* [DIRECTIONS FOR THIS TASK]: Write out every line below that includes the word "differentiableI".

* [DATASET EXCERPTS]:

lemma has_grad_lap_onD:
  assumes "has_grad_lap_on S f G L"
  shows "C2_on S f" and "x \<in> S \<Longrightarrow> grad f x = G x" and "x \<in> S \<Longrightarrow> laplacian f x = L x"
proof -
  obtain H where S: "open S"
    and f: "\<And>x. x \<in> S \<Longrightarrow> (f has_derivative (\<lambda>h. G x \<bullet> h)) (at x)"
    and G: "\<And>x. x \<in> S \<Longrightarrow> (G has_derivative H x) (at x)"
    and L: "\<And>x. x \<in> S \<Longrightarrow> L x = (\<Sum>i\<in>Basis. H x i \<bullet> i)"
    and H: "\<And>i j. i \<in> Basis \<Longrightarrow> j \<in> Basis \<Longrightarrow> continuous_on S (\<lambda>x. H x j \<bullet> i)"
    using has_grad_lap_onE[OF assms] by blast
  have d2: "(pderiv_dir f i has_derivative (\<lambda>h. H x h \<bullet> i)) (at x)" if "x \<in> S" for i x
  proof -
    have "((\<lambda>y. G y \<bullet> i) has_derivative (\<lambda>h. H x h \<bullet> i)) (at x)"
      using G[OF that] by (auto intro!: derivative_eq_intros)
    then show ?thesis
      by (rule has_derivative_transform_within_open[OF _ S that]) (metis pderiv_dir_eq_inner f)
  qed
  have pd2: "pderiv_dir (pderiv_dir f i) j x = H x j \<bullet> i" if "x \<in> S" for i j x
    using frechet_derivative_at[OF d2[OF that]] unfolding pderiv_dir_def by metis
  show "C2_on S f"
    unfolding C2_on_def
  proof (intro conjI ballI)
    show "f differentiable at x" if "x \<in> S" for x using f[OF that] by (rule differentiableI)
    show "pderiv_dir f i differentiable at x" if "x \<in> S" for i x using d2[OF that] by (rule differentiableI)
    show "continuous_on S (pderiv_dir (pderiv_dir f i) j)" if "i \<in> Basis" "j \<in> Basis" for i j
      using H[OF that] by (rule continuous_on_eq) (simp add: pd2)
  qed
  show "grad f x = G x" if "x \<in> S" using f[OF that] by (rule grad_eq_of_has_derivative)
  show "laplacian f x = L x" if "x \<in> S"
    using L[OF that] pd2[OF that] unfolding laplacian_def by simp
qed

lemma p_laplacian_eq:
  assumes "has_grad_lap_on S f G L" "has_grad_on S (\<lambda>y. G y \<bullet> G y) DN" "x \<in> S"
  shows "p_laplacian p f x = (G x \<bullet> G x) * L x + (p - 2) / 2 * (G x \<bullet> DN x)"
    and "grad f x \<bullet> grad (\<lambda>y. (norm (grad f y))\<^sup>2) x = G x \<bullet> DN x"
proof -
  have G: "grad f y = G y" if "y \<in> S" for y using has_grad_lap_onD(2)[OF assms(1) that] .
  have "grad (\<lambda>y. (norm (grad f y))\<^sup>2) x = DN x"
    using assms(2,3) by (rule has_grad_on_grad_eq) (simp add: G power2_norm_eq_inner)
  then show "p_laplacian p f x = (G x \<bullet> G x) * L x + (p - 2) / 2 * (G x \<bullet> DN x)"
    and "grad f x \<bullet> grad (\<lambda>y. (norm (grad f y))\<^sup>2) x = G x \<bullet> DN x"
    unfolding p_laplacian_def using G assms(3) has_grad_lap_onD(3)[OF assms(1,3)]
    by (auto simp: power2_norm_eq_inner)
qed

lemma has_grad_lap_on_continuous:
  assumes "has_grad_lap_on S f G L"
  shows "continuous_on S f" and "continuous_on S G"
proof -
  obtain H where "open S"
    and f: "\<And>x. x \<in> S \<Longrightarrow> (f has_derivative (\<lambda>h. G x \<bullet> h)) (at x)"
    and G: "\<And>x. x \<in> S \<Longrightarrow> (G has_derivative H x) (at x)"
    and "\<And>x. x \<in> S \<Longrightarrow> L x = (\<Sum>i\<in>Basis. H x i \<bullet> i)"
    and "\<And>i j. i \<in> Basis \<Longrightarrow> j \<in> Basis \<Longrightarrow> continuous_on S (\<lambda>x. H x j \<bullet> i)"
    using has_grad_lap_onE[OF assms] by blast
  show "continuous_on S f"
    by (rule has_derivative_continuous_on, rule has_derivative_at_withinI, erule f)
  show "continuous_on S G"
    by (rule has_derivative_continuous_on, rule has_derivative_at_withinI, erule G)
qed

lemma has_grad_lap_on_cong:
  assumes "has_grad_lap_on S f G L"
    and "\<And>x. x \<in> S \<Longrightarrow> f x = f' x" "\<And>x. x \<in> S \<Longrightarrow> G x = G' x" "\<And>x. x \<in> S \<Longrightarrow> L x = L' x"
  shows "has_grad_lap_on S f' G' L'"
proof -
  obtain H where S: "open S"
    and f: "\<And>x. x \<in> S \<Longrightarrow> (f has_derivative (\<lambda>h. G x \<bullet> h)) (at x)"
    and G: "\<And>x. x \<in> S \<Longrightarrow> (G has_derivative H x) (at x)"
    and L: "\<And>x. x \<in> S \<Longrightarrow> L x = (\<Sum>i\<in>Basis. H x i \<bullet> i)"
    and H: "\<And>i j. i \<in> Basis \<Longrightarrow> j \<in> Basis \<Longrightarrow> continuous_on S (\<lambda>x. H x j \<bullet> i)"
    using has_grad_lap_onE[OF assms(1)] by blast
  show ?thesis
  proof (rule has_grad_lap_onI[OF S _ _ _ H])
    fix x assume x: "x \<in> S"
    show "(f' has_derivative (\<lambda>h. G' x \<bullet> h)) (at x)"
      using has_derivative_transform_within_open[OF f[OF x] S x assms(2)] assms(3)[OF x] by simp
    show "(G' has_derivative H x) (at x)"
      using has_derivative_transform_within_open[OF G[OF x] S x assms(3)] .
    show "L' x = (\<Sum>i\<in>Basis. H x i \<bullet> i)" using L[OF x] assms(4)[OF x] by simp
  qed
qed

lemma has_grad_lap_on_subset:
  "has_grad_lap_on S f G L \<Longrightarrow> open T \<Longrightarrow> T \<subseteq> S \<Longrightarrow> has_grad_lap_on T f G L"
  by (elim has_grad_lap_onE, rule has_grad_lap_onI) (blast intro: continuous_on_subset)+

lemma has_grad_lap_on_const: "open S \<Longrightarrow> has_grad_lap_on S (\<lambda>x. c) (\<lambda>x. 0) (\<lambda>x. 0)"
  by (rule has_grad_lap_onI[where H = "\<lambda>x h. 0"]) (simp_all add: inner_zero_left[abs_def])

lemma has_grad_lap_on_add:
  assumes "has_grad_lap_on S f F Lf" "has_grad_lap_on S g G Lg"
  shows "has_grad_lap_on S (\<lambda>x. f x + g x) (\<lambda>x. F x + G x) (\<lambda>x. Lf x + Lg x)"
proof -
  obtain HF where S: "open S"
    and f: "\<And>x. x \<in> S \<Longrightarrow> (f has_derivative (\<lambda>h. F x \<bullet> h)) (at x)"
    and F: "\<And>x. x \<in> S \<Longrightarrow> (F has_derivative HF x) (at x)"
    and Lf: "\<And>x. x \<in> S \<Longrightarrow> Lf x = (\<Sum>i\<in>Basis. HF x i \<bullet> i)"
    and HF: "\<And>i j. i \<in> Basis \<Longrightarrow> j \<in> Basis \<Longrightarrow> continuous_on S (\<lambda>x. HF x j \<bullet> i)"
    using has_grad_lap_onE[OF assms(1)] by blast
  obtain HG where "open S"
    and g: "\<And>x. x \<in> S \<Longrightarrow> (g has_derivative (\<lambda>h. G x \<bullet> h)) (at x)"
    and G: "\<And>x. x \<in> S \<Longrightarrow> (G has_derivative HG x) (at x)"
    and Lg: "\<And>x. x \<in> S \<Longrightarrow> Lg x = (\<Sum>i\<in>Basis. HG x i \<bullet> i)"
    and HG: "\<And>i j. i \<in> Basis \<Longrightarrow> j \<in> Basis \<Longrightarrow> continuous_on S (\<lambda>x. HG x j \<bullet> i)"
    using has_grad_lap_onE[OF assms(2)] by blast
  show ?thesis
  proof (rule has_grad_lap_onI[OF S, where H = "\<lambda>x h. HF x h + HG x h"])
    fix x assume x: "x \<in> S"
    show "((\<lambda>x. f x + g x) has_derivative (\<lambda>h. (F x + G x) \<bullet> h)) (at x)"
      using f[OF x] g[OF x] by (auto intro!: derivative_eq_intros simp: inner_add_left)
    show "((\<lambda>x. F x + G x) has_derivative (\<lambda>h. HF x h + HG x h)) (at x)"
      using F[OF x] G[OF x] by (rule has_derivative_add)
    show "Lf x + Lg x = (\<Sum>i\<in>Basis. (HF x i + HG x i) \<bullet> i)"
      using Lf[OF x] Lg[OF x] by (simp add: inner_add_left sum.distrib)
  next
    fix i j :: 'a assume "i \<in> Basis" "j \<in> Basis"
    then show "continuous_on S (\<lambda>x. (HF x j + HG x j) \<bullet> i)"
      using HF HG by (simp add: inner_add_left continuous_on_add)
  qed
qed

* [TASK ANSWER]:
    show "f differentiable at x" if "x \<in> S" for x using f[OF that] by (rule differentiableI)
    show "pderiv_dir f i differentiable at x" if "x \<in> S" for i x using d2[OF that] by (rule differentiableI)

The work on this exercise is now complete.